The Giver adaptation has the spirit of the novel
Review by Daniel Rester
Lois Lowry’s 1993 novel The Giver has relatively sustained its popularity throughout the years. One of the book’s many fans, actor Jeff Bridges, has wanted to adapt the material into a film for several years; he even envisioned himself directing the film and his father Lloyd starring in the title role at one point. Bridges has now achieved his goal, only with him as one of the film’s producers and himself as The Giver.
The story takes place in a seemingly utopian society, free of such things as war and differences. The location is clean and peaceful, populated with people who take daily injections and are assigned to specific duties. Jonas (Brenton Thwaites), a 16-year-old (11 in the book), is assigned at the community’s Ceremony to be the new Receiver of Memories.

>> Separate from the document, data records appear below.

lemma comb_span_trig_hom_at_theta0:
  assumes "F \<in> trig_hom d" and "odd d" and "d \<le> n + 1" and "m \<ge> 1"
  shows "(\<lambda>u. sqrt (level m u) ^ d * F (theta0 m (level m u))) \<in> comb_span m n"
  using assms(1)
proof induction
  case zero
  then show ?case using comb_span.zero_mem by simp
next
  case (monom i j)
  show ?case
  proof (rule comb_span.cong_mem[OF comb_span_monomial])
    fix u :: real assume "u > 0"
    then show "sqrt (level m u) ^ d * (sin (theta0 m (level m u)) ^ i * cos (theta0 m (level m u)) ^ j)
        = u ^ (i + m * j)"
      using level_power_sin_cos_theta0[OF assms(4)] monom(1) by blast
  qed (use monom assms in simp_all)
next
  case (add f g)
  then show ?case using comb_span.add_mem[OF add.IH] by (simp add: distrib_left)
next
  case (scale f c)
  then show ?case using comb_span.scale_mem[OF scale.IH, of c] by (simp add: algebra_simps)
qed

lemma comb_span_scaled_moments:
  assumes "1 \<le> a + b" and "a + b \<le> n + 1" and "m \<ge> 1"
  shows "(\<lambda>u. sqrt (level m u) ^ (a + b) * moment_plus m (level m u) a b) \<in> comb_span m n"
    and "(\<lambda>u. sqrt (level m u) ^ (a + b) * moment_minus m (level m u) a b) \<in> comb_span m n"
proof -
  have "(\<lambda>u. sqrt (level m u) ^ (a + b) * moment_plus m (level m u) a b) \<in> comb_span m n \<and>
        (\<lambda>u. sqrt (level m u) ^ (a + b) * moment_minus m (level m u) a b) \<in> comb_span m n"
  proof (cases "odd (a + b)")
    case True
    then obtain F where F: "F \<in> trig_hom (a + b)"
      and "\<And>s. integral {s - pi..s} (\<lambda>x. sin x ^ a * cos x ^ b) = 2 * F s"
      and "\<And>s. integral {s..s + pi} (\<lambda>x. sin x ^ a * cos x ^ b) = - 2 * F s"
      by (rule integral_sin_cos_power_half_turns_odd) blast
    then have "moment_plus m h a b = 2 * F (theta0 m h)" "moment_minus m h a b = - 2 * F (theta0 m h)"
      for h by (simp_all add: moment_plus_def moment_minus_def)
    moreover note F_mem = comb_span_trig_hom_at_theta0[OF F True assms(2,3)]
    ultimately show ?thesis
      using comb_span.scale_mem[OF F_mem, of 2] comb_span.scale_mem[OF F_mem, of "-2"]
      by (simp add: algebra_simps)
  next
    case False
    then have "even (a + b)" by simp
    then obtain c where "\<And>s. integral {s - pi..s} (\<lambda>x. sin x ^ a * cos x ^ b) = c * pi"
      and "\<And>s. integral {s..s + pi} (\<lambda>x. sin x ^ a * cos x ^ b) = c * pi"
      by (rule integral_sin_cos_power_half_turns_even) blast
    then have moments: "moment_plus m h a b = c * pi" "moment_minus m h a b = c * pi"
      for h by (simp_all add: moment_plus_def moment_minus_def)
    obtain l where l: "a + b = 2 * l + 2"
    proof
      show "a + b = 2 * ((a + b) div 2 - 1) + 2"
        using \<open>even (a + b)\<close> assms(1) by (elim evenE) auto
    qed
    with assms(2) have "l \<in> Lset n"
      by (simp add: Lset_eq)
    from comb_span.scale_mem[OF comb_span_level_power[OF this], of "c * pi"]
    show ?thesis
      unfolding l sqrt_level_power_even moments by (simp add: mult.commute)
  qed
  then show "(\<lambda>u. sqrt (level m u) ^ (a + b) * moment_plus m (level m u) a b) \<in> comb_span m n"
    and "(\<lambda>u. sqrt (level m u) ^ (a + b) * moment_minus m (level m u) a b) \<in> comb_span m n"
    by blast+
qed
lemma successor_separable_product_pairs:
  assumes \<Omega>: "open \<Omega>" and \<Phi>: "\<Phi> holomorphic_on \<Omega>"
    and P: "P holomorphic_on \<Omega>" "\<forall>z\<in>\<Omega>. P z \<noteq> 0"
    and P1: "P1 holomorphic_on \<Omega>" "\<forall>z\<in>\<Omega>. P1 z = deriv \<Phi> z * P z"
    and \<Phi>_nz: "\<forall>z\<in>\<Omega>. deriv \<Phi> z \<noteq> 0"
    and A: "\<And>t. (A has_real_derivative A' t) (at t)" "\<And>t. A t \<noteq> 0"
    and A1: "\<And>t. (A1 has_real_derivative A1' t) (at t)" "\<And>t. A1 t \<noteq> 0"
    and log_deriv: "\<And>t. A1' t / A1 t = - (A' t / A t)"
    and B: "\<And>t. (B has_real_derivative B' t) (at t)" "\<And>t. B t \<noteq> 0"
    and FG: "product_pair P (\<lambda>w. A (Re (\<Phi> w)) * B (Im (\<Phi> w))) = (F, G)"
    and FG1: "product_pair P1 (\<lambda>w. A1 (Re (\<Phi> w)) * B (Im (\<Phi> w))) = (F1, G1)"
  shows "successor \<Omega> F1 G1 F G"
proof -
  have P1_nz: "\<forall>z\<in>\<Omega>. P1 z \<noteq> 0"
    using P(2) P1(2) \<Phi>_nz by simp
  have char_relations: "char_a F1 G1 z = char_a F G z \<and> char_b F1 G1 z = - char_B F G z"
    if "z \<in> \<Omega>" for z
  proof -
    let ?\<phi> = "deriv \<Phi> z" and ?\<alpha> = "A' (Re (\<Phi> z)) / A (Re (\<Phi> z))"
      and ?\<beta> = "B' (Im (\<Phi> z)) / B (Im (\<Phi> z))"
    have \<Phi>': "(\<Phi> has_field_derivative ?\<phi>) (at z)"
      and P': "(P has_field_derivative deriv P z) (at z)"
      and P1': "(P1 has_field_derivative deriv P1 z) (at z)"
      using holomorphic_derivI \<Omega> \<Phi> P(1) P1(1) \<open>z \<in> \<Omega>\<close> by blast+
    note chars0 = separable_product_pair_chars[OF \<Phi>' P' _ A(1) A(2) B(1) B(2) FG]
    note chars1 = separable_product_pair_chars[OF \<Phi>' P1' _ A1(1) A1(2) B(1) B(2) FG1]
    have "cnj ?\<phi> \<noteq> 0" "cnj (P z) \<noteq> 0"
      using \<Phi>_nz P(2) \<open>z \<in> \<Omega>\<close> by simp_all
    then have "P1 z / cnj (P1 z) * cnj ?\<phi> * (of_real (- ?\<alpha>) + \<i> * of_real ?\<beta>) / 2 =
        - (P z / cnj (P z) * ?\<phi> * (of_real ?\<alpha> - \<i> * of_real ?\<beta>) / 2)"
      using P1(2) \<open>z \<in> \<Omega>\<close> by (simp add: field_simps)
    then show ?thesis
      using chars0 chars1 P(2) P1_nz log_deriv \<open>z \<in> \<Omega>\<close> by simp
  qed
  show ?thesis
    unfolding successor_def
    using generating_pair_separable_product_pair[OF \<Omega> \<Phi> P A B FG]
      generating_pair_separable_product_pair[OF \<Omega> \<Phi> P1(1) P1_nz A1 B FG1] char_relations
    by blast
qed
(* Let $G$ be a connected graph with vertex set $V$, and let $V'$ be the set of new vertices (one for each edge of $G$) so that both the subdivision $S(G)$ and the triangulation $T(G)$ have vertex set $V\cup V'$ (the new vertex associated with the edge $kl$ being the same in both graphs). Denote by $\Omega^S_{ij}$ and $\Omega^T_{ij}$ the resistance distances between $i$ and $j$ in $S(G)$ and $T(G)$ respectively. Then: (1) for $i,j\in V$, $\Omega^T_{ij}=\frac{1}{3}\Omega^S_{ij}$; (2) for $i\in V'$ and $j\in V$, $\Omega^T_{ij}=\frac{1}{3}\Omega^S_{ij}+\frac{1}{3}$; (3) for distinct $i,j\in V'$, $\Omega^T_{ij}=\frac{1}{3}\Omega^S_{ij}+\frac{2}{3}$.
   Context: All graphs are finite, undirected, without loops or multiple edges. For a connected graph $H$ and vertices $i,j$, the resistance distance between $i$ and $j$ is the effective resistance between them in the electrical network obtained from $H$ by replacing each edge by a unit resistor. The subdivision $S(G)$ is obtained from $G$ by replacing each edge $kl$ by a path $k\,w\,l$ through a new vertex $w$. The triangulation $T(G)$ is obtained from $G$ by adding, for each edge $kl$, a new vertex $w$ adjacent to both $k$ and $l$ (keeping the edge $kl$), so each edge becomes a triangle. *)

theory Defs
  imports Complex_Main
begin

definition simple_graph :: "'a set \<Rightarrow> 'a set set \<Rightarrow> bool" where
  "simple_graph V E \<longleftrightarrow> finite V \<and>
     (\<forall>e\<in>E. \<exists>x y. x \<noteq> y \<and> x \<in> V \<and> y \<in> V \<and> e = {x, y})"

definition adj :: "'a set set \<Rightarrow> 'a \<Rightarrow> 'a \<Rightarrow> bool" where
  "adj E x y \<longleftrightarrow> x \<noteq> y \<and> {x, y} \<in> E"

definition connected_graph :: "'a set \<Rightarrow> 'a set set \<Rightarrow> bool" where
  "connected_graph V E \<longleftrightarrow> V \<noteq> {} \<and> (\<forall>x\<in>V. \<forall>y\<in>V. (adj E)\<^sup>*\<^sup>* x y)"

text \<open>Resistance distance: inject a unit current at i and extract it at j; by Kirchhoff's
  current law and Ohm's law (unit resistors) the node potentials v satisfy
  sum over neighbours y of x of (v x - v y) = net injected current at x.
  The effective resistance is the resulting potential difference v i - v j
  (well defined for a connected graph, potentials being unique up to a constant).\<close>

definition resistance :: "'a set \<Rightarrow> 'a set set \<Rightarrow> 'a \<Rightarrow> 'a \<Rightarrow> real" where
  "resistance V E i j = (THE r. \<exists>v :: 'a \<Rightarrow> real.
      (\<forall>x\<in>V. (\<Sum>y\<in>{y\<in>V. adj E x y}. v x - v y) =
               (if x = i then 1 else 0) - (if x = j then 1 else 0))
      \<and> r = v i - v j)"

definition sub_vertices :: "'a set \<Rightarrow> 'a set set \<Rightarrow> ('a + 'a set) set" where
  "sub_vertices V E = Inl ` V \<union> Inr ` E"

definition subdivision_edges :: "'a set set \<Rightarrow> ('a + 'a set) set set" where
  "subdivision_edges E = {{Inl k, Inr e} | k e. e \<in> E \<and> k \<in> e}"

definition triangulation_edges :: "'a set set \<Rightarrow> ('a + 'a set) set set" where
  "triangulation_edges E = subdivision_edges E \<union> (\<lambda>e. Inl ` e) ` E"

end

theory Submission
  imports Defs "Jordan_Normal_Form.Determinant"
begin

text \<open>If v is the potential in S(G) for an injected current b, then on T(G) the potential u
  with u = v/3 on old vertices and u = (v + b)/3 on new vertices satisfies Kirchhoff's law for
  the same b. At the new vertex w of an edge kl both graphs give w the neighbours k and l, and
  Kirchhoff's law in S(G), b w = 2 v w - v k - v l, is exactly what makes 2 u w - u k - u l = b w.
  At an old vertex k, each incident edge kl with new vertex w contributes
  (u k - u w) + (u k - u l) = v k - v w, its contribution in S(G). Taking potential differences,
  each endpoint in V' carries the extra term b/3 = 1/3.\<close>

definition neighbours :: "'b set \<Rightarrow> 'b set set \<Rightarrow> 'b \<Rightarrow> 'b set" where
  "neighbours X F x = {y\<in>X. adj F x y}"

definition laplacian :: "'b set \<Rightarrow> 'b set set \<Rightarrow> ('b \<Rightarrow> real) \<Rightarrow> 'b \<Rightarrow> real" where
  "laplacian X F v x = (\<Sum>y\<in>neighbours X F x. v x - v y)"

lemma adj_commute: "adj F x y = adj F y x"
  unfolding adj_def by (auto simp: insert_commute)

lemma laplacian_diff: "laplacian X F (\<lambda>x. w x - v x) x = laplacian X F w x - laplacian X F v x"
  unfolding laplacian_def by (simp add: sum_subtractf[symmetric] algebra_simps)

lemma sum_laplacian_eq_0:
  assumes "finite X"
  shows "(\<Sum>x\<in>X. laplacian X F v x) = 0"
proof -
  define S where "S = (\<Sum>x\<in>X. \<Sum>y\<in>X. if adj F x y then v x - v y else 0)"
  have "S = (\<Sum>y\<in>X. \<Sum>x\<in>X. if adj F x y then v x - v y else 0)"
    unfolding S_def by (rule sum.swap)
  also have "\<dots> = (\<Sum>y\<in>X. \<Sum>x\<in>X. - (if adj F y x then v y - v x else 0))"
    by (intro sum.cong refl) (auto simp: adj_commute)
  also have "\<dots> = - S"
    unfolding S_def by (simp add: sum_negf)
  finally have "S = 0" by simp
  then show ?thesis
    unfolding S_def laplacian_def neighbours_def using assms by (simp add: sum.inter_filter)
qed

lemma linear_system_solvable_if_injective:
  fixes c :: "'b \<Rightarrow> 'b \<Rightarrow> real"
  assumes fin: "finite X"
    and inj: "\<And>v. \<forall>x\<in>X. (\<Sum>y\<in>X. c x y * v y) = 0 \<Longrightarrow> \<forall>x\<in>X. v x = 0"
  shows "\<exists>v. \<forall>x\<in>X. (\<Sum>y\<in>X. c x y * v y) = b x"
proof -
  define n where "n = card X"
  obtain h where h: "bij_betw h {0..<n} X"
    using ex_bij_betw_nat_finite[OF fin] n_def by auto
  define g where "g = the_inv_into {0..<n} h"
  have gh: "g (h q) = q" if "q < n" for q
    unfolding g_def using that bij_betw_imp_inj_on[OF h] by (simp add: the_inv_into_f_f)
  have hg: "h (g x) = x" if "x \<in> X" for x
    unfolding g_def using that h by (simp add: f_the_inv_into_f_bij_betw)
  have g_less: "g x < n" if "x \<in> X" for x
    unfolding g_def using that bij_betw_the_inv_into[OF h] by (auto simp: bij_betw_def)
  have h_in: "h q \<in> X" if "q < n" for q
    using h that by (auto simp: bij_betw_def)
  define A where "A = mat n n (\<lambda>(p, q). c (h p) (h q))"
  have A: "A \<in> carrier_mat n n" unfolding A_def by simp
  define vec_of where "vec_of v = vec n (\<lambda>q. v (h q))" for v :: "'b \<Rightarrow> real"
  have A_vec_of: "(A *\<^sub>v vec_of v) $ g x = (\<Sum>y\<in>X. c x y * v y)" if "x \<in> X" for x v
  proof -
    have "(A *\<^sub>v vec_of v) $ g x = (\<Sum>q\<in>{0..<n}. c (h (g x)) (h q) * v (h q))"
      using g_less[OF that] unfolding A_def vec_of_def by (simp add: scalar_prod_def)
    also have "\<dots> = (\<Sum>y\<in>X. c x y * v y)"
      unfolding hg[OF that] by (rule sum.reindex_bij_betw[OF h])
    finally show ?thesis .
  qed
  have vec_of_fun: "vec_of (\<lambda>y. w $ g y) = w" if "w \<in> carrier_vec n" for w
    using that unfolding vec_of_def by (intro eq_vecI) (auto simp: gh)
  have "det A \<noteq> 0"
  proof
    assume "det A = 0"
    then obtain w where w: "w \<in> carrier_vec n" "w \<noteq> 0\<^sub>v n" "A *\<^sub>v w = 0\<^sub>v n"
      using det_0_iff_vec_prod_zero_field[OF A] by auto
    have "\<forall>x\<in>X. (\<Sum>y\<in>X. c x y * w $ g y) = 0"
      using A_vec_of[where v = "\<lambda>y. w $ g y"] w g_less by (simp add: vec_of_fun)
    then have "\<forall>x\<in>X. w $ g x = 0" by (rule inj)
    then have "w $ q = 0" if "q < n" for q
      using h_in[OF that] gh[OF that] by metis
    then have "w = 0\<^sub>v n"
      using w(1) by (intro eq_vecI) auto
    with w(2) show False ..
  qed
  then have "A \<in> Units (ring_mat TYPE(real) n ())"
    by (rule det_non_zero_imp_unit[OF A])
  then obtain B where B: "B \<in> carrier_mat n n" "A * B = 1\<^sub>m n"
    unfolding Units_def ring_mat_def by auto
  define w where "w = B *\<^sub>v vec_of b"
  have w: "w \<in> carrier_vec n" unfolding w_def vec_of_def using B by simp
  have "A *\<^sub>v w = vec_of b"
    using assoc_mult_mat_vec[of A n n B n "vec_of b"] A B by (simp add: w_def vec_of_def)
  then have "\<forall>x\<in>X. (\<Sum>y\<in>X. c x y * w $ g y) = b x"
    using A_vec_of[where v = "\<lambda>y. w $ g y"] g_less hg by (simp add: vec_of_fun[OF w] vec_of_def)
  then show ?thesis by (rule exI[where x = "\<lambda>y. w $ g y"])
qed
lemma val_inverse: "x \<noteq> 0 \<Longrightarrow> val (inverse x) = - val x"
  using val_mult[of x "inverse x"] val_one by simp

lemma val_power: "x \<noteq> 0 \<Longrightarrow> val (x ^ n) = real n * val x"
  by (induction n) (auto simp: val_one val_mult algebra_simps)

lemma val_power_int: "x \<noteq> 0 \<Longrightarrow> val (x powi n) = of_int n * val x"
  by (auto simp: power_int_def val_power val_inverse)

lemma val_prod:
  "finite S \<Longrightarrow> (\<And>i. i \<in> S \<Longrightarrow> f i \<noteq> 0) \<Longrightarrow> val (prod f S) = (\<Sum>i\<in>S. val (f i))"
  by (induction S rule: finite_induct) (auto simp: val_one val_mult)

lemma val_uminus: "val (- x) = val x"
proof (cases "x = 0")
  case False
  have "val ((-1) * (-1) :: 'k) = 0" using val_one by simp
  then have "val (-1 :: 'k) = 0" using val_mult[of "-1" "-1"] by simp
  then show ?thesis using val_mult[of "-1" x] False by simp
qed simp

lemma val_of_nat_nonneg: "(of_nat n :: 'k) \<noteq> 0 \<Longrightarrow> val (of_nat n :: 'k) \<ge> 0"
proof (induction n)
  case (Suc n)
  show ?case
  proof (cases "(of_nat n :: 'k) = 0")
    case True
    then show ?thesis using val_one by simp
  next
    case False
    have "val (of_nat n + 1 :: 'k) \<ge> min (val (of_nat n :: 'k)) (val 1)"
      using False Suc.prems by (intro val_add_ge_min) (simp_all add: add.commute)
    then show ?thesis using Suc.IH False val_one by (simp add: add.commute)
  qed
qed simp

lemma val_of_int_eq_0:
  assumes "residue_char_zero val" and "n \<noteq> 0"
  shows "(of_int n :: 'k) \<noteq> 0" and "val (of_int n :: 'k) = 0"
proof -
  have "(of_nat (nat \<bar>n\<bar>) :: 'k) \<notin> val_max_ideal val"
    using assms unfolding residue_char_zero_def by (metis zero_less_nat_eq zero_less_abs_iff)
  then have nz: "(of_nat (nat \<bar>n\<bar>) :: 'k) \<noteq> 0" and "val (of_nat (nat \<bar>n\<bar>) :: 'k) \<le> 0"
    unfolding val_max_ideal_def by auto
  moreover have "(of_int n :: 'k) = of_nat (nat \<bar>n\<bar>) \<or> (of_int n :: 'k) = - of_nat (nat \<bar>n\<bar>)"
    by (cases "n \<ge> 0") simp_all
  ultimately show "(of_int n :: 'k) \<noteq> 0" and "val (of_int n :: 'k) = 0"
    using val_of_nat_nonneg[OF nz] val_uminus by fastforce+
qed
theorem mainTheorem9:
  fixes n m :: nat
  assumes "m \<le> n"
  shows "(\<Sum>j=0..n. \<Sum>i=0..j. real ((2*n+2) choose i) / real ((2*n-m) choose j))
    = (2::real) powr (real m - 1) * real (2*n+1-m) *
      (harm n + 2^(2*n+1) / (real (n+1) * real ((2*n+1) choose (n+1)))
       + (\<Sum>k=1..m. 1 / (2^(k-1) * real k) *
           (((2::real)^(2*n+2) * real k / real (2*n+2-k) - real ((2*n+2) choose (n+1)))
             / (2 * real ((2*n+1-k) choose (n+1))) + 1)))"
proof -
  have lhs: "(\<Sum>j=0..n. \<Sum>i=0..j. real ((2*n+2) choose i) / real ((2*n-m) choose j))
      = prefix_ratio_sum n (2*n+2) (2*n-m)"
    unfolding prefix_ratio_sum_def choose_prefix_def by (simp add: sum_divide_distrib)
  have pow: "(2::real) powr (real m - 1) = 2^m / 2"
    by (simp add: powr_diff powr_realpow)
  show ?thesis
    unfolding lhs pow prefix_ratio_sum_closed_form[OF assms] ..
qed

end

This position is special and unlike any of the others. Jonas is isolated from the rest of the community when he does his work, learning under a mysterious and elderly man known as The Giver (Bridges). The Giver provides Jonas with knowledge and memories of the world’s past, teaching and showing him things that are unknown to the larger community.
Such things as color, death, snow, and music enter Jonas’ mind. He is told he must learn these things in order to provide council to the community leaders if it is needed. However, he is told by The Chief Elder (Meryl Streep) to never tell any of the regular community members of his newfound knowledge. Things don’t exactly go according to plan. I won’t provide any more plot details in case you haven’t read the book.
It’s been years since I’ve read Lowry’s young adult novel, but from what I remember of the material this adaptation seems faithful. Some changes include the ages of the children becoming older, a key book moment involving an older woman being left out, and The Chief Elder and The Giver having a more dynamic relationship in the film. That last one seemed like it was going to be a given even before I saw the film. I mean who would waste the opportunity of putting Bridges and Streep in a few scenes together?
Anyways, nothing has been significantly butchered in the page-to-screen process in my eyes. Writers Michael Mitnick and Robert B. Weide and director Phillip Noyce have a firm handle on the material and play it for what it is. It hasn’t been Hunger Games-ized as I heard many fans feared would happen, though some action and dystopian elements do come more into play in the third act. Still, it has the spirit of the book.
The film does take a little while to hit a smooth stride. The beginning is a bit bland, with a heavy amount of voiceover and some banal dialogue. I was at first in fear of seeing something completely standard-issue. However, the film gets going and Noyce kicks up his craftsmanship as soon as Jonas and The Giver begin their lessons together.
Bridges and Thwaites are terrific in their scenes together, with their characters’ bonding moments easily being the highlights of the film. I wish there were even more scenes of them together in the film’s 94-minute runtime; it’s a rare occurrence where I wish a film were longer. Thwaites does well is presenting Jonas’ heart and transformation, and Bridges effortlessly brings dramatic weight to the material.
The two performers are surrounded by other strong deliveries. Streep is fine as The Chief Elder, adding presence without chewing scenery. We also get Alexander Skarsgard and Katie Holmes as Jonas’ parents, both of whom do well. Cameron Monaghan gets in a few dramatic moments as Jonas’ best friend, Asher (who becomes a pilot), and Taylor Swift actually pops up in an important role. The best of the supporting players, however, is Odeya Rush as Fiona.
Fiona is an old friend of Jonas’ who gradually becomes a love interest. She is often a person Jonas turns to in sharing his sense of discovery from The Giver. Rush perfectly delivers the excitement and fear in Fiona in learning the strange new things from Jonas. She and Thwaites share a few beautiful scenes together.
Noyce does well in handling the themes of sameness versus diversity, ignorance versus emotion. He also has an artful hand with his style without ever smothering the story. The cinematography by Ross Emery and editing by Barry Alexander Brown aids Noyce in presenting creative uses of color, grain, frame rates, and overhead shots. A few of the film’s montages, shown during the “receiving” scenes, are handled and mixed in an eye-popping way that has freshness to it. The “sameness” production design (by Ed Verreaux) of the community is perfectly juxtaposed with these bright moments.
These aesthetic choices blend well with Jonas finding out new things, especially when it comes to color and music. Speaking of music, the score by Marco Beltrami comfortably fits with the material on the screen. The tracks from the composer have both an epic and intimate quality to them — with the piano work standing out the most.
I wish The Giver had a bit more storytelling meat and push to it. The film is emotional at times but the final punch at the end isn’t as strong as it should have been. I think drawing out some more of the complexity of the material would have been good, which could have allowed for further character attachment from an audience standpoint. Even so, the mid-section and some of the third act of the film are gripping and wonderful. I’m glad Bridges got to bring this to the screen.
Score: 3 out of 4 stars (Grade Equivalent for Me: B+).
MPAA Rating: PG-13 (for a mature thematic image and some sci-fi action/violence).
Runtime: 1 hour and 34 minutes.
U.S. Release Date: August 15th, 2014.